What’s going on here?

The US Securities and Exchange Commission (SEC) approved a rule change that could bring about ether spot exchange-traded funds (ETFs), a similar move to the one that sparked bitcoin’s rally.

What does this mean?

Ether spot ETFs would let investors buy into the world’s second-biggest cryptocurrency without directly owning the coins or dealing with the complex storage of them. Now, the SEC has approved applications from various exchanges to list ether ETFs by BlackRock, Fidelity, Invesco, and Ark Invest. But the funds still need to go through another round of approval – and even if they pass that, there’s no word on a launch date yet.

Why should I care?

Zooming out: Slow and steady can win the race.

The SEC has been slow to approve crypto investments, wary of the industry’s compliance breaches and rampant fraud scandals.
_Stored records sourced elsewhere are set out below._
(* Let $G$ and $H$ be finite simple graphs. If the strong product $G \boxtimes H$ is well-dominated, then $G$ and $H$ are both well-dominated.
   Context: A set $D$ of vertices of a graph is dominating if every vertex is in $D$ or adjacent to a vertex of $D$. A graph is well-dominated if every minimal (with respect to inclusion) dominating set is a minimum dominating set, i.e. $\gamma=\Gamma$ (smallest and largest size of a minimal dominating set). The strong product $G\boxtimes H$ has vertex set $V(G)\times V(H)$, with distinct $(g_1,h_1)$ and $(g_2,h_2)$ adjacent iff ($g_1=g_2$ and $h_1h_2\in E(H)$), or ($h_1=h_2$ and $g_1g_2\in E(G)$), or ($g_1g_2\in E(G)$ and $h_1h_2\in E(H)$). *)

theory Defs
  imports Main
begin

definition fin_simple_graph :: "'a set \<Rightarrow> ('a \<Rightarrow> 'a \<Rightarrow> bool) \<Rightarrow> bool" where
  "fin_simple_graph V E \<longleftrightarrow> finite V \<and> (\<forall>x y. E x y \<longrightarrow> x \<in> V \<and> y \<in> V)
     \<and> (\<forall>x y. E x y \<longrightarrow> E y x) \<and> (\<forall>x. \<not> E x x)"

definition dominating :: "'a set \<Rightarrow> ('a \<Rightarrow> 'a \<Rightarrow> bool) \<Rightarrow> 'a set \<Rightarrow> bool" where
  "dominating V E D \<longleftrightarrow> D \<subseteq> V \<and> (\<forall>v\<in>V. v \<in> D \<or> (\<exists>u\<in>D. E v u))"

definition minimal_dominating :: "'a set \<Rightarrow> ('a \<Rightarrow> 'a \<Rightarrow> bool) \<Rightarrow> 'a set \<Rightarrow> bool" where
  "minimal_dominating V E D \<longleftrightarrow> dominating V E D \<and> (\<forall>D'. D' \<subset> D \<longrightarrow> \<not> dominating V E D')"

definition well_dominated :: "'a set \<Rightarrow> ('a \<Rightarrow> 'a \<Rightarrow> bool) \<Rightarrow> bool" where
  "well_dominated V E \<longleftrightarrow> (\<forall>D. minimal_dominating V E D \<longrightarrow>
      (\<forall>D'. dominating V E D' \<longrightarrow> card D \<le> card D'))"

definition strong_edge :: "('a \<Rightarrow> 'a \<Rightarrow> bool) \<Rightarrow> ('b \<Rightarrow> 'b \<Rightarrow> bool) \<Rightarrow> 'a \<times> 'b \<Rightarrow> 'a \<times> 'b \<Rightarrow> bool" where
  "strong_edge E1 E2 p q \<longleftrightarrow> p \<noteq> q \<and>
     ((fst p = fst q \<and> E2 (snd p) (snd q)) \<or>
      (snd p = snd q \<and> E1 (fst p) (fst q)) \<or>
      (E1 (fst p) (fst q) \<and> E2 (snd p) (snd q)))"

end

theory Submission
  imports Defs
begin

text \<open>The closed neighbourhood of a vertex of the strong product is the product of the closed
  neighbourhoods of its coordinates. Hence a product of dominating sets dominates, and a vertex
  \<open>(x, y)\<close> built from private neighbours \<open>x\<close> of \<open>a \<in> A\<close> and \<open>y\<close> of \<open>b \<in> B\<close> is dominated by
  \<open>(a, b)\<close> alone, so \<open>A \<times> B\<close> is minimal whenever \<open>A\<close> and \<open>B\<close> are. If the product is
  well-dominated, comparing a minimal \<open>A \<times> B\<close> with a dominating \<open>A' \<times> B\<close>, where \<open>B\<close> is any
  fixed nonempty minimal dominating set, gives \<open>|A| |B| \<le> |A'| |B|\<close>, i.e. \<open>|A| \<le> |A'|\<close>.\<close>

lemma strong_edge_closed_iff:
  "p = q \<or> strong_edge E1 E2 p q \<longleftrightarrow>
     (fst p = fst q \<or> E1 (fst p) (fst q)) \<and> (snd p = snd q \<or> E2 (snd p) (snd q))"
  by (cases p; cases q) (auto simp: strong_edge_def)

lemma dominating_iff_closed:
  "dominating V E D \<longleftrightarrow> D \<subseteq> V \<and> (\<forall>v\<in>V. \<exists>u\<in>D. v = u \<or> E v u)"
  unfolding dominating_def by blast

lemma dominating_Times:
  assumes "dominating V1 E1 A" and "dominating V2 E2 B"
  shows "dominating (V1 \<times> V2) (strong_edge E1 E2) (A \<times> B)"
  unfolding dominating_iff_closed
proof (intro conjI ballI)
  show "A \<times> B \<subseteq> V1 \<times> V2"
    using assms by (auto simp: dominating_def)
next
  fix p assume "p \<in> V1 \<times> V2"
  then have "fst p \<in> V1" "snd p \<in> V2"
    by auto
  then obtain a b where "a \<in> A" "fst p = a \<or> E1 (fst p) a" "b \<in> B" "snd p = b \<or> E2 (snd p) b"
    using assms unfolding dominating_iff_closed by blast
  then show "\<exists>u\<in>A \<times> B. p = u \<or> strong_edge E1 E2 p u"
    by (intro bexI[of _ "(a, b)"]) (auto simp: strong_edge_closed_iff)
qed

lemma minimal_dominating_private_neighbour:
  assumes "minimal_dominating V E A" and "a \<in> A"
  obtains x where "x \<in> V" "x = a \<or> E x a" "\<And>u. u \<in> A \<Longrightarrow> x = u \<or> E x u \<Longrightarrow> u = a"
proof -
  have "A - {a} \<subset> A"
    using assms(2) by blast
  then have dom: "dominating V E A" and not_dom: "\<not> dominating V E (A - {a})"
    using assms(1) unfolding minimal_dominating_def by blast+
  then obtain x where x: "x \<in> V" "\<forall>u\<in>A - {a}. x \<noteq> u \<and> \<not> E x u"
    unfolding dominating_iff_closed by blast
  moreover obtain u where "u \<in> A" "x = u \<or> E x u"
    using dom x(1) unfolding dominating_iff_closed by blast
  ultimately show thesis
    using that by blast
qed

lemma minimal_dominating_Times:
  assumes A: "minimal_dominating V1 E1 A" and B: "minimal_dominating V2 E2 B"
  shows "minimal_dominating (V1 \<times> V2) (strong_edge E1 E2) (A \<times> B)"
proof -
  have "\<not> dominating (V1 \<times> V2) (strong_edge E1 E2) D" if "D \<subset> A \<times> B" for D
  proof
    assume dom: "dominating (V1 \<times> V2) (strong_edge E1 E2) D"
    obtain a b where ab: "a \<in> A" "b \<in> B" "(a, b) \<notin> D"
      using \<open>D \<subset> A \<times> B\<close> by auto
    obtain x where x: "x \<in> V1" "x = a \<or> E1 x a" "\<And>u. u \<in> A \<Longrightarrow> x = u \<or> E1 x u \<Longrightarrow> u = a"
      using minimal_dominating_private_neighbour[OF A ab(1)] by blast
    obtain y where y: "y \<in> V2" "y = b \<or> E2 y b" "\<And>u. u \<in> B \<Longrightarrow> y = u \<or> E2 y u \<Longrightarrow> u = b"
      using minimal_dominating_private_neighbour[OF B ab(2)] by blast
    have "(x, y) \<in> V1 \<times> V2"
      using x(1) y(1) by simp
    then obtain q where q: "q \<in> D" "(x, y) = q \<or> strong_edge E1 E2 (x, y) q"
      using dom unfolding dominating_iff_closed by blast
    have "fst q \<in> A" "snd q \<in> B"
      using q(1) \<open>D \<subset> A \<times> B\<close> by auto
    moreover have "(x = fst q \<or> E1 x (fst q)) \<and> (y = snd q \<or> E2 y (snd q))"
      using q(2) unfolding strong_edge_closed_iff by simp
    ultimately have "q = (a, b)"
      using x(3) y(3) by (simp add: prod_eq_iff)
    with q(1) ab(3) show False
      by simp
  qed
  with dominating_Times[of V1 E1 A V2 E2 B] A B show ?thesis
    unfolding minimal_dominating_def by blast
qed

lemma ex_minimal_dominating:
  assumes "finite V" and "V \<noteq> {}"
  obtains D where "minimal_dominating V E D" and "card D > 0"
proof -
  obtain D where D: "dominating V E D" "\<And>C. dominating V E C \<Longrightarrow> card D \<le> card C"
    using ex_has_least_nat[of "dominating V E" V card] by (auto simp: dominating_def)
  have "finite D"
    using D(1) assms(1) finite_subset unfolding dominating_def by blast
  then have "minimal_dominating V E D"
    using D psubset_card_mono unfolding minimal_dominating_def by (blast dest: leD)
  moreover have "D \<noteq> {}"
    using D(1) assms(2) unfolding dominating_def by auto
  ultimately show thesis
    using that \<open>finite D\<close> by (simp add: card_gt_0_iff)
qed

lemma well_dominated_Times_card_le:
  assumes "well_dominated (V1 \<times> V2) (strong_edge E1 E2)"
    and "minimal_dominating V1 E1 A" and "minimal_dominating V2 E2 B"
    and "dominating V1 E1 A'" and "dominating V2 E2 B'"
  shows "card A * card B \<le> card A' * card B'"
proof -
  have "card (A \<times> B) \<le> card (A' \<times> B')"
    using assms(1) minimal_dominating_Times[OF assms(2,3)] dominating_Times[OF assms(4,5)]
    unfolding well_dominated_def by blast
  then show ?thesis
    by (simp add: card_cartesian_product)
qed

theorem corollary7:
  fixes V1 :: "'a set" and E1 :: "'a \<Rightarrow> 'a \<Rightarrow> bool"
    and V2 :: "'b set" and E2 :: "'b \<Rightarrow> 'b \<Rightarrow> bool"
  assumes "fin_simple_graph V1 E1" and "fin_simple_graph V2 E2"
    and "V1 \<noteq> {}" and "V2 \<noteq> {}"
    and "well_dominated (V1 \<times> V2) (strong_edge E1 E2)"
  shows "well_dominated V1 E1 \<and> well_dominated V2 E2"
proof -
  obtain A0 where A0: "minimal_dominating V1 E1 A0" "card A0 > 0"
    using ex_minimal_dominating assms(1,3) unfolding fin_simple_graph_def by blast
  obtain B0 where B0: "minimal_dominating V2 E2 B0" "card B0 > 0"
    using ex_minimal_dominating assms(2,4) unfolding fin_simple_graph_def by blast
  have "card A \<le> card A'" if "minimal_dominating V1 E1 A" "dominating V1 E1 A'" for A A'
    using well_dominated_Times_card_le[OF assms(5) that(1) B0(1) that(2), of B0] B0
    unfolding minimal_dominating_def by simp
  moreover have "card B \<le> card B'" if "minimal_dominating V2 E2 B" "dominating V2 E2 B'" for B B'
    using well_dominated_Times_card_le[OF assms(5) A0(1) that(1) _ that(2), of A0] A0
    unfolding minimal_dominating_def by simp
  ultimately show ?thesis
    unfolding well_dominated_def by blast
qed

end
text \<open>
  Let \<open>\<theta>\<close> be the tangent angle and \<open>F\<close> a primitive of \<open>\<phi> \<mapsto> sqrt (cos \<phi>)\<close>.
  Along the curve \<open>(F \<circ> \<theta>)' = sqrt (cos \<theta>) \<theta>'\<close>, and since \<open>x' \<ge> 0\<close> forces
  \<open>\<bar>\<theta>\<bar> \<le> pi / 2\<close> and \<open>cos \<theta> = x' / \<bar>\<gamma>'\<bar>\<close>, its square is \<open>\<kappa>\<^sup>2 \<bar>\<gamma>'\<bar> \<cdot> x'\<close>.
  Cauchy--Schwarz on \<open>[a, t0]\<close> therefore gives
  \<open>(F (\<theta> t0) - F (\<theta> a))\<^sup>2 \<le> E\<^sub>1 (x t0 - x a)\<close>, with \<open>E\<^sub>1\<close> the energy of that piece,
  and similarly on \<open>[t0, b]\<close>. As \<open>\<theta> t0 = 0\<close>, the left-hand sides are \<open>f (\<theta> a)\<^sup>2\<close> and
  \<open>f (\<theta> b)\<^sup>2\<close>, and the two halves combine by \<open>(p + q)\<^sup>2 / (X + Y) \<le> E\<^sub>1 + E\<^sub>2\<close>
  whenever \<open>p\<^sup>2 \<le> E\<^sub>1 X\<close> and \<open>q\<^sup>2 \<le> E\<^sub>2 Y\<close>.

  For an \<open>H\<^sup>2\<close> curve, \<open>F \<circ> \<theta>\<close> is only absolutely continuous, so the fundamental theorem
  of calculus for it is proved as a chain rule along absolutely continuous curves.
\<close>

(* HOL-Analysis also exports the content of a polynomial under this name. *)
hide_const (open) Polynomial.content

section \<open>Integrals along absolutely continuous curves\<close>

lemma has_integral_Complex:
  assumes "(f has_integral I) S" "(g has_integral J) S"
  shows "((\<lambda>t. Complex (f t) (g t)) has_integral Complex I J) S"
  by (rule has_integral_componentwise) (use assms in \<open>auto simp: Basis_complex_def\<close>)

lemma absolutely_integrable_Complex:
  assumes "f absolutely_integrable_on S" "g absolutely_integrable_on S"
  shows "(\<lambda>t. Complex (f t) (g t)) absolutely_integrable_on S"
  by (rule absolutely_integrable_componentwise) (use assms in \<open>auto simp: Basis_complex_def\<close>)

lemma has_integral_increment_norm_le:
  fixes g z :: "real \<Rightarrow> 'a::euclidean_space"
  assumes g: "g absolutely_integrable_on {c..d}"
    and z: "\<And>s t. c \<le> s \<Longrightarrow> s \<le> t \<Longrightarrow> t \<le> d \<Longrightarrow> (g has_integral z t - z s) {s..t}"
    and "c \<le> s" "s \<le> t" "t \<le> d"
  shows "norm (z t - z s) \<le> integral {c..t} (\<lambda>r. norm (g r)) - integral {c..s} (\<lambda>r. norm (g r))"
proof -
  have g_int: "g integrable_on {c..d}" and ng_int: "(\<lambda>r. norm (g r)) integrable_on {c..d}"
    using g by (auto simp: absolutely_integrable_on_def)
  have "{s..t} \<subseteq> {c..d}" using assms(3-5) by auto
  then have "norm (integral {s..t} g) \<le> integral {s..t} (\<lambda>r. norm (g r))"
    by (intro integral_norm_bound_integral integrable_on_subinterval[OF g_int]
        integrable_on_subinterval[OF ng_int]) auto
  then show ?thesis
    using z[OF assms(3-5)] Henstock_Kurzweil_Integration.integral_combine[OF assms(3,4)
        integrable_on_subinterval[OF ng_int, of c t]] assms(5)
    by (simp add: integral_unique)
qed

lemma has_integral_increment_continuous_on:
  fixes g z :: "real \<Rightarrow> 'a::banach"
  assumes "g integrable_on {c..d}"
    and z: "\<And>t. c \<le> t \<Longrightarrow> t \<le> d \<Longrightarrow> (g has_integral z t - z c) {c..t}"
  shows "continuous_on {c..d} z"
proof -
  have "continuous_on {c..d} (\<lambda>t. z c + integral {c..t} g)"
    by (intro continuous_intros indefinite_integral_continuous_1 assms(1))
  moreover have "z c + integral {c..t} g = z t" if "t \<in> {c..d}" for t
    using integral_unique[OF z[of t]] that by simp
  ultimately show ?thesis by (rule continuous_on_eq)
qed

lemma continuous_on_has_derivative_gauge:
  fixes z :: "real \<Rightarrow> 'a::real_normed_vector" and \<Phi> :: "'a \<Rightarrow> 'b::real_normed_vector"
  assumes z: "continuous_on S z" and \<Phi>: "\<And>t. t \<in> S \<Longrightarrow> (\<Phi> has_derivative L t) (at (z t))"
    and "\<eta> > 0"
  obtains \<gamma> where "gauge \<gamma>"
    "\<And>t s. t \<in> S \<Longrightarrow> s \<in> S \<Longrightarrow> s \<in> \<gamma> t \<Longrightarrow>
       norm (\<Phi> (z s) - \<Phi> (z t) - L t (z s - z t)) \<le> \<eta> * norm (z s - z t)"
proof -
  have "\<exists>r>0. \<forall>s\<in>S. dist t s < r \<longrightarrow>
      norm (\<Phi> (z s) - \<Phi> (z t) - L t (z s - z t)) \<le> \<eta> * norm (z s - z t)" if t: "t \<in> S" for t
  proof -
    obtain \<delta> where "\<delta> > 0" and \<delta>: "\<And>w. norm (w - z t) < \<delta> \<Longrightarrow>
        norm (\<Phi> w - \<Phi> (z t) - L t (w - z t)) \<le> \<eta> * norm (w - z t)"
      using \<Phi>[OF t] \<open>\<eta> > 0\<close> unfolding has_derivative_at_alt by blast
    moreover obtain r where "r > 0" "\<And>s. s \<in> S \<Longrightarrow> dist s t < r \<Longrightarrow> dist (z s) (z t) < \<delta>"
      using z t \<open>\<delta> > 0\<close> unfolding continuous_on_iff by blast
    ultimately show ?thesis by (metis dist_commute dist_norm)
  qed
  then obtain r where r_pos: "\<And>t. t \<in> S \<Longrightarrow> r t > 0" and r: "\<And>t s. t \<in> S \<Longrightarrow> s \<in> S \<Longrightarrow>
      dist t s < r t \<Longrightarrow> norm (\<Phi> (z s) - \<Phi> (z t) - L t (z s - z t)) \<le> \<eta> * norm (z s - z t)"
    by metis
  show thesis
  proof
    show "gauge (\<lambda>t. ball t (if t \<in> S then r t else 1))"
      using r_pos by (intro gauge_ball_dependent) auto
  qed (use r in auto)
qed

lemma linear_approximation_increment_le:
  fixes \<Phi> :: "'a::real_normed_vector \<Rightarrow> 'b::real_normed_vector"
  assumes "bounded_linear L" "\<And>h. norm (L h) \<le> M * norm h"
    and "norm (\<Phi> v - \<Phi> t - L (v - t)) \<le> \<eta> * norm (v - t)"
    and "norm (\<Phi> u - \<Phi> t - L (u - t)) \<le> \<eta> * norm (u - t)"
  shows "norm (c *\<^sub>R L g - (\<Phi> v - \<Phi> u)) \<le> M * norm (c *\<^sub>R g - (v - u)) + \<eta> * (norm (v - t) + norm (u - t))"
proof -
  interpret bounded_linear L by fact
  have "c *\<^sub>R L g - (\<Phi> v - \<Phi> u) = L (c *\<^sub>R g - (v - u)) - (\<Phi> v - \<Phi> t - L (v - t)) + (\<Phi> u - \<Phi> t - L (u - t))"
    by (simp add: diff add scaleR algebra_simps)
  also have "norm \<dots> \<le> norm (L (c *\<^sub>R g - (v - u))) + norm (\<Phi> v - \<Phi> t - L (v - t)) + norm (\<Phi> u - \<Phi> t - L (u - t))"
    by (rule order_trans[OF norm_triangle_ineq add_right_mono[OF norm_triangle_ineq4]])
  finally show ?thesis
    using assms(2)[of "c *\<^sub>R g - (v - u)"] assms(3,4) unfolding distrib_left by linarith
qed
But there’s clearly a market for them. ETFs for bitcoin – the world’s biggest cryptocurrency – were only approved six months ago, and FactSet indicates that they’ve already raked in over $12 billion. Although, ether ETFs probably won’t reach the same heights. The crypto itself is much smaller than bitcoin, with the Grayscale Ethereum trust less than half the size of the bitcoin one from before the launch. Plus, the SEC hasn’t approved staking – a process that lets investors earn interest by locking up their crypto – for either coin, so ether can’t rely on an advantage there to close the gap.

The bigger picture: Shoot for the moon.

Mind you, even a fraction of bitcoin’s rally would be a big step up for ether – and that’s not unlikely by any means. Bitcoin spot ETFs caused a stir because, unlike bitcoin “futures” products, they actually hold bitcoin, and the same would be true for ether’s lineup. That’s probably why the mere anticipation has sent ether's price up by over 20% since Monday, meaning it’s climbed more than 60% since the start of the year.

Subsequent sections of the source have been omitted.